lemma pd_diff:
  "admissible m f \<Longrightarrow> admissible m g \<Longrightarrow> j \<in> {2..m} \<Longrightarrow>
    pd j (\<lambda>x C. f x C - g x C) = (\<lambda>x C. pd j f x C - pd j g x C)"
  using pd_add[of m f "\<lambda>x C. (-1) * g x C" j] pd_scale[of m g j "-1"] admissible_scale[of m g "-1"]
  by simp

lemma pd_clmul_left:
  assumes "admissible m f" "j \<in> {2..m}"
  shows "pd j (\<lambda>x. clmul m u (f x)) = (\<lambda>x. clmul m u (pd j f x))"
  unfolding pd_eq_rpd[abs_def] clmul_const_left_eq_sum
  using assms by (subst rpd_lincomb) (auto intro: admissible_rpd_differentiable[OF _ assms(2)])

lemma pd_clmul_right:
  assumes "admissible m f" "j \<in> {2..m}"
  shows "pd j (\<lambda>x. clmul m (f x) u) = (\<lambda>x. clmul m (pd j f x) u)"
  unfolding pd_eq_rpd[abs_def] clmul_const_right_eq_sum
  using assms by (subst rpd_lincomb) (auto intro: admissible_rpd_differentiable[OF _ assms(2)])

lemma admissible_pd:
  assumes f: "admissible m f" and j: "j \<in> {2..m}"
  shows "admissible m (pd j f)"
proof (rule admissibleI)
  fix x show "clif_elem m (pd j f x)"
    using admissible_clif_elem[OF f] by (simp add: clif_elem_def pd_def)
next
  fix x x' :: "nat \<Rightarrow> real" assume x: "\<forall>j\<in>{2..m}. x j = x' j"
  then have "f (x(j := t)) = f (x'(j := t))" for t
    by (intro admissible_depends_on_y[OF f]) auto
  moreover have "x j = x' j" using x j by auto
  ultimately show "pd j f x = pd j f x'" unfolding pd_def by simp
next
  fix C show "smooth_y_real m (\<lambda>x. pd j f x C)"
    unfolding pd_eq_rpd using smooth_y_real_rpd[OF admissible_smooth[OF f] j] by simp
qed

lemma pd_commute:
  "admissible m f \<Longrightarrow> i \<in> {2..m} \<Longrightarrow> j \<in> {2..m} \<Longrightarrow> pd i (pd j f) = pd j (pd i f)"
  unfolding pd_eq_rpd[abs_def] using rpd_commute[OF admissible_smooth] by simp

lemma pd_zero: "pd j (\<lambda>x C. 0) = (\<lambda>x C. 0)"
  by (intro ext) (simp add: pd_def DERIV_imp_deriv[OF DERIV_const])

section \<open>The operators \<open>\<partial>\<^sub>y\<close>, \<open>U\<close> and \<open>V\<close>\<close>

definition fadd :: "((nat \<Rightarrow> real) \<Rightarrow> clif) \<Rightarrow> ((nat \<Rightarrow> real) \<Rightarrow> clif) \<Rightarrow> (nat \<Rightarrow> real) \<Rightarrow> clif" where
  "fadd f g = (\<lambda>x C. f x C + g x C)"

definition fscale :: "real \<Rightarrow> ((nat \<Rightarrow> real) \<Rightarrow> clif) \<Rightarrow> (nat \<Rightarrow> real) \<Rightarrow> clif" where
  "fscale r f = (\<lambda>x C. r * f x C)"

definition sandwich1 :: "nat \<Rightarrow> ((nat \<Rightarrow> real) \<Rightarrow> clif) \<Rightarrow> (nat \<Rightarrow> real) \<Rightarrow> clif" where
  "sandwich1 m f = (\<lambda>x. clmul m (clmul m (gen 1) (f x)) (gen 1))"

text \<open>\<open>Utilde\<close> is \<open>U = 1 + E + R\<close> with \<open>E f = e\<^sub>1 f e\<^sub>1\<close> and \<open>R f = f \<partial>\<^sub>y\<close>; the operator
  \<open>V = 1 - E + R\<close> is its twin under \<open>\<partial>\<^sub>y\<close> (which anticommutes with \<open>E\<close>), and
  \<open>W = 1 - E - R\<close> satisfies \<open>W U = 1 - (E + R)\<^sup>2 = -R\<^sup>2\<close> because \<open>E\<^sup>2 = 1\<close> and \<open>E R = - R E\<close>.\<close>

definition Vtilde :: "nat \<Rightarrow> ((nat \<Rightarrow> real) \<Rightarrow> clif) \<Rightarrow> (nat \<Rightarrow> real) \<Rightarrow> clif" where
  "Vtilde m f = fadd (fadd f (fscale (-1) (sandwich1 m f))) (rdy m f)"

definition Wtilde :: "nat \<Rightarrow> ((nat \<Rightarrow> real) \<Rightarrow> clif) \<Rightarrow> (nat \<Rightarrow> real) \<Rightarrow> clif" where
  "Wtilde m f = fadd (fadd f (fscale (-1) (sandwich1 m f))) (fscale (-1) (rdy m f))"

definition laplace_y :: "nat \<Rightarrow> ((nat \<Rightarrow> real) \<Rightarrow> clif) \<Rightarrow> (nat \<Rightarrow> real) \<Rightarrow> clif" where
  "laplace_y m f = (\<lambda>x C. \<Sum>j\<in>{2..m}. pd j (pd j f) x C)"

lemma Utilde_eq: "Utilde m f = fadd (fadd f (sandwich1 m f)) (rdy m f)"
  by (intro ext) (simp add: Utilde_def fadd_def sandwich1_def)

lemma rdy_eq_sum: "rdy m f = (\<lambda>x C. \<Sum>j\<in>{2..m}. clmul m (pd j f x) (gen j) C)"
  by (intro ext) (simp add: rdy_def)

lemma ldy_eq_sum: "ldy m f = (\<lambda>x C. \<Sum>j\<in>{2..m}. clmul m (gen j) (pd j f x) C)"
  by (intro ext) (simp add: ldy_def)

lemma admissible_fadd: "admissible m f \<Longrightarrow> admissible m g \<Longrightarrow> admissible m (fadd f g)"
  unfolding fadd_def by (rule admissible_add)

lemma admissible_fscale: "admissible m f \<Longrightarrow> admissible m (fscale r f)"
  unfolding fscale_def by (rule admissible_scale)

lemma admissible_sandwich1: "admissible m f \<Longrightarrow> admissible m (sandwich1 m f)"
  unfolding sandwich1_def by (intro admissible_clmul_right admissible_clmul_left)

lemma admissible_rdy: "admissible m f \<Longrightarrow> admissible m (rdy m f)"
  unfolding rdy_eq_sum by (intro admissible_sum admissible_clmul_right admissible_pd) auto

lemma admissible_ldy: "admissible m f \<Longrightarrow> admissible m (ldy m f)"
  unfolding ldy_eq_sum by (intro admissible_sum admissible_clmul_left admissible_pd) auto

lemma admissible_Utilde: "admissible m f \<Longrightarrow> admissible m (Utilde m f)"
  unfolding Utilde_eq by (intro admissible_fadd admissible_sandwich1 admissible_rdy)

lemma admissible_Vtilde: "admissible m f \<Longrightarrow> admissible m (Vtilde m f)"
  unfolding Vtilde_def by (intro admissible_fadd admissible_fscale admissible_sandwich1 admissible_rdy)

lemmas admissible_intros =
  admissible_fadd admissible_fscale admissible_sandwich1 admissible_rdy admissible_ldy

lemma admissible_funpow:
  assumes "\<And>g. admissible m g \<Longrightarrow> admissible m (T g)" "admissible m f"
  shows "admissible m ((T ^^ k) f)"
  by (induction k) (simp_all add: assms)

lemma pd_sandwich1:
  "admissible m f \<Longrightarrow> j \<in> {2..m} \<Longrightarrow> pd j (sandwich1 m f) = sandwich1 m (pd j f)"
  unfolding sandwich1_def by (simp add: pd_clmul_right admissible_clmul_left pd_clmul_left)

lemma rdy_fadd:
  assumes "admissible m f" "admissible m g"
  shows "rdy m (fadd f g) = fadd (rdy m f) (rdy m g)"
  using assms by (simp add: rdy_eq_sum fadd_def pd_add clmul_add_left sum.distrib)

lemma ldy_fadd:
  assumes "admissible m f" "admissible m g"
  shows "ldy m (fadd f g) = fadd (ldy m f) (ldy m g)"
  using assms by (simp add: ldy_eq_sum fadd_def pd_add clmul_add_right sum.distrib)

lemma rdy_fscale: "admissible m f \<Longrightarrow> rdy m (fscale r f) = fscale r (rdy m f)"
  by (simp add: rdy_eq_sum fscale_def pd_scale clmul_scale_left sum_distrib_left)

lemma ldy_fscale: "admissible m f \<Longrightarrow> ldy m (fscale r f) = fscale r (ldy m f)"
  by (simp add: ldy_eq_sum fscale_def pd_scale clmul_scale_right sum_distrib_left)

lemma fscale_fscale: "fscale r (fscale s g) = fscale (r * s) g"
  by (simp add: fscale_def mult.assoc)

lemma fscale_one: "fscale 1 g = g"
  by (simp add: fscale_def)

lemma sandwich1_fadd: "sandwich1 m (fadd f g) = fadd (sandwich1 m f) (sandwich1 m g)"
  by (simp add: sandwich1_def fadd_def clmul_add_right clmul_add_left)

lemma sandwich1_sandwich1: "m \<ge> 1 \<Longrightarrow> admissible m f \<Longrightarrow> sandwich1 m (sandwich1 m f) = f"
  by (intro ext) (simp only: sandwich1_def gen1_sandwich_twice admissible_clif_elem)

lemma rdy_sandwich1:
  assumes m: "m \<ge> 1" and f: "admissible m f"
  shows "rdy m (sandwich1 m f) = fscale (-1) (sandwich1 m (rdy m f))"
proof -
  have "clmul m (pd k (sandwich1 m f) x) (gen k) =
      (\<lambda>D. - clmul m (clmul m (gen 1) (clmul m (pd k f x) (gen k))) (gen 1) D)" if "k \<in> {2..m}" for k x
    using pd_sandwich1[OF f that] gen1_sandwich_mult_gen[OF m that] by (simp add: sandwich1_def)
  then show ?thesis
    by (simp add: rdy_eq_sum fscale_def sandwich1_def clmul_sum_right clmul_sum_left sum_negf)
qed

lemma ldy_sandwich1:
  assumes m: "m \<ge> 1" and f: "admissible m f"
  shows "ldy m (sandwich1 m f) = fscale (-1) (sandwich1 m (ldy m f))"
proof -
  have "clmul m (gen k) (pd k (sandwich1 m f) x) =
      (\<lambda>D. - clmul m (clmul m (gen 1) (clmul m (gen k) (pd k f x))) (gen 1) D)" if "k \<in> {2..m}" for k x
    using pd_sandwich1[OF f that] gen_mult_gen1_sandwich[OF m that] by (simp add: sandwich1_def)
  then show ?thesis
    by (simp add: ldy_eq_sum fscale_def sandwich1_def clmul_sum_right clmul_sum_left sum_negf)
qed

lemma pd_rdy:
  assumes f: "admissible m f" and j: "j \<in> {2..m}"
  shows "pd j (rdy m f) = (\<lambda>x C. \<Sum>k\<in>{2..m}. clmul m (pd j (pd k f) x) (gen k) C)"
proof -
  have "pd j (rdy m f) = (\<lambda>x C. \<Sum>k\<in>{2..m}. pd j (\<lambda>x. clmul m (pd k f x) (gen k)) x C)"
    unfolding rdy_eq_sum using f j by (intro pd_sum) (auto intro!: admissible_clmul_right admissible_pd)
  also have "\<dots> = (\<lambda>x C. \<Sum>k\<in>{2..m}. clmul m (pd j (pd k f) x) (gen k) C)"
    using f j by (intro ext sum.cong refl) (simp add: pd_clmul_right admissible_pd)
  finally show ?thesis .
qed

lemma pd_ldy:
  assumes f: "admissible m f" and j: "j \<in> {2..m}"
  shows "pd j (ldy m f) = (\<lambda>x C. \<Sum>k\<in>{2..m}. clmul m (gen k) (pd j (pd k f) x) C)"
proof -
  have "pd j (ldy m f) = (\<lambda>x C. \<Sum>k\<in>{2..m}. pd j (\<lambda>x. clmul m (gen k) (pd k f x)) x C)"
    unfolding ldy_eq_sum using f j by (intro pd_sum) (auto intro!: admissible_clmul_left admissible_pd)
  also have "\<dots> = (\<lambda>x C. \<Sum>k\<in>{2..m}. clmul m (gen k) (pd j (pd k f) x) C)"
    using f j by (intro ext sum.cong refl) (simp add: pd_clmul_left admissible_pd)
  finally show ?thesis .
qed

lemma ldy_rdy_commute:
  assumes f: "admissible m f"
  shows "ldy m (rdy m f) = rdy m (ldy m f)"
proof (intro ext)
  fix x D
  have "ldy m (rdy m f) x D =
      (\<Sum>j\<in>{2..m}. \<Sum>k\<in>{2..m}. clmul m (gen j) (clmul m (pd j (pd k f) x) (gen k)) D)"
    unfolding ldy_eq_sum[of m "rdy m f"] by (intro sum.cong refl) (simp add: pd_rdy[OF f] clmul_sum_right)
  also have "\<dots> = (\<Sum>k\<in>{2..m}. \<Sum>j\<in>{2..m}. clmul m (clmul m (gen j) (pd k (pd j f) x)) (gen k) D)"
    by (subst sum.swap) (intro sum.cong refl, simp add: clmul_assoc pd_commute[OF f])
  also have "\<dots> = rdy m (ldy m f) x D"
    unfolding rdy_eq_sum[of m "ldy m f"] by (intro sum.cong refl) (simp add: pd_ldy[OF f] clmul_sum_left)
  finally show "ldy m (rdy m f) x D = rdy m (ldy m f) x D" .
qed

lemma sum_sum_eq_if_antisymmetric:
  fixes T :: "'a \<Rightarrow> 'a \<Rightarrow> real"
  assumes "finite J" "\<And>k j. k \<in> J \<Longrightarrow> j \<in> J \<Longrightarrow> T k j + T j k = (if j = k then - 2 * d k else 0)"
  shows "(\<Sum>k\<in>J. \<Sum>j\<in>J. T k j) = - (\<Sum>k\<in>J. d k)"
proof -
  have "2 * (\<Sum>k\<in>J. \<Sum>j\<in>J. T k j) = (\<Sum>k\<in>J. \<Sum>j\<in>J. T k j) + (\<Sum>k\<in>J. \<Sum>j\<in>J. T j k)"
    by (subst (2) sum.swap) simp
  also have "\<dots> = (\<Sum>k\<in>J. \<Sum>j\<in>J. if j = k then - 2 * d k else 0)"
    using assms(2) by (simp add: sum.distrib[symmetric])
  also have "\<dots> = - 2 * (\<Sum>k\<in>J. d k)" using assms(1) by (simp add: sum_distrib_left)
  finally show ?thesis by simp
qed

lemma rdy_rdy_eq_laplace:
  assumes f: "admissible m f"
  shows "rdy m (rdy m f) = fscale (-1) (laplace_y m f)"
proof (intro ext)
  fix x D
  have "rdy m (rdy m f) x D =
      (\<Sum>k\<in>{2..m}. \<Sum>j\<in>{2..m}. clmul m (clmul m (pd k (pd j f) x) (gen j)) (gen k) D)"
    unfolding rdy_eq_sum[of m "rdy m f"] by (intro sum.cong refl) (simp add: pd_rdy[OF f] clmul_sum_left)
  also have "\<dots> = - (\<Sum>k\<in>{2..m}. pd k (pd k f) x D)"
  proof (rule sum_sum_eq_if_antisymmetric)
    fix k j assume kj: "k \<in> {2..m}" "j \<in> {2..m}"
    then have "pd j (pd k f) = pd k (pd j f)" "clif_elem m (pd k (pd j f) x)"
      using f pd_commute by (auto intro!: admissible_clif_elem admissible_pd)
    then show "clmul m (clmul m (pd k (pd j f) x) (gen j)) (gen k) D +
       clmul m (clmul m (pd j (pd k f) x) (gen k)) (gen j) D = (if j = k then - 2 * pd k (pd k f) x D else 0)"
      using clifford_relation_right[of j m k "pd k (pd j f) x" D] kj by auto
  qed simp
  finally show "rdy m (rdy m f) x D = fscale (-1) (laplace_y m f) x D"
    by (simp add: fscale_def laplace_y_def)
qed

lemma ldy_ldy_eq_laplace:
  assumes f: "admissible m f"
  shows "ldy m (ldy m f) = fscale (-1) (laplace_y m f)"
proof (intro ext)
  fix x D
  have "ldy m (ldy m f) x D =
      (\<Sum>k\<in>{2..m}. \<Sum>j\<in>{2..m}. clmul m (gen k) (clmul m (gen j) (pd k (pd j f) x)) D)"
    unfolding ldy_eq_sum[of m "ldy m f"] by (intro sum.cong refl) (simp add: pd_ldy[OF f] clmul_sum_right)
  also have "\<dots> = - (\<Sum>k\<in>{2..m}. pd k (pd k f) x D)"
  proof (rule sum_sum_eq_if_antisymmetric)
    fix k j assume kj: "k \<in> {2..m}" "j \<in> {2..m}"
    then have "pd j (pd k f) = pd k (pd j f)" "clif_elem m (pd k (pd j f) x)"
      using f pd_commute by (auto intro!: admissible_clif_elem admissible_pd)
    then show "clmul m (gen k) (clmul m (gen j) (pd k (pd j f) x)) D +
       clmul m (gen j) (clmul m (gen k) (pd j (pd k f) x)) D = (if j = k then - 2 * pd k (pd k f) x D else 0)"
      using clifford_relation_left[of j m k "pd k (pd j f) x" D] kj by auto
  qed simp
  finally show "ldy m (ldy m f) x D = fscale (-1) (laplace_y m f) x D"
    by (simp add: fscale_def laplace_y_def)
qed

Work to complete -
Set down the lines of the records exactly, from the first one through the line containing "section \<open>The operators", and add nothing else.

Final answer -
lemma pd_diff:
  "admissible m f \<Longrightarrow> admissible m g \<Longrightarrow> j \<in> {2..m} \<Longrightarrow>
    pd j (\<lambda>x C. f x C - g x C) = (\<lambda>x C. pd j f x C - pd j g x C)"
  using pd_add[of m f "\<lambda>x C. (-1) * g x C" j] pd_scale[of m g j "-1"] admissible_scale[of m g "-1"]
  by simp

lemma pd_clmul_left:
  assumes "admissible m f" "j \<in> {2..m}"
  shows "pd j (\<lambda>x. clmul m u (f x)) = (\<lambda>x. clmul m u (pd j f x))"
  unfolding pd_eq_rpd[abs_def] clmul_const_left_eq_sum
  using assms by (subst rpd_lincomb) (auto intro: admissible_rpd_differentiable[OF _ assms(2)])

lemma pd_clmul_right:
  assumes "admissible m f" "j \<in> {2..m}"
  shows "pd j (\<lambda>x. clmul m (f x) u) = (\<lambda>x. clmul m (pd j f x) u)"
  unfolding pd_eq_rpd[abs_def] clmul_const_right_eq_sum
  using assms by (subst rpd_lincomb) (auto intro: admissible_rpd_differentiable[OF _ assms(2)])

lemma admissible_pd:
  assumes f: "admissible m f" and j: "j \<in> {2..m}"
  shows "admissible m (pd j f)"
proof (rule admissibleI)
  fix x show "clif_elem m (pd j f x)"
    using admissible_clif_elem[OF f] by (simp add: clif_elem_def pd_def)
next
  fix x x' :: "nat \<Rightarrow> real" assume x: "\<forall>j\<in>{2..m}. x j = x' j"
  then have "f (x(j := t)) = f (x'(j := t))" for t
    by (intro admissible_depends_on_y[OF f]) auto
  moreover have "x j = x' j" using x j by auto
  ultimately show "pd j f x = pd j f x'" unfolding pd_def by simp
next
  fix C show "smooth_y_real m (\<lambda>x. pd j f x C)"
    unfolding pd_eq_rpd using smooth_y_real_rpd[OF admissible_smooth[OF f] j] by simp
qed

lemma pd_commute:
  "admissible m f \<Longrightarrow> i \<in> {2..m} \<Longrightarrow> j \<in> {2..m} \<Longrightarrow> pd i (pd j f) = pd j (pd i f)"
  unfolding pd_eq_rpd[abs_def] using rpd_commute[OF admissible_smooth] by simp

lemma pd_zero: "pd j (\<lambda>x C. 0) = (\<lambda>x C. 0)"
  by (intro ext) (simp add: pd_def DERIV_imp_deriv[OF DERIV_const])

section \<open>The operators \<open>\<partial>\<^sub>y\<close>, \<open>U\<close> and \<open>V\<close>\<close>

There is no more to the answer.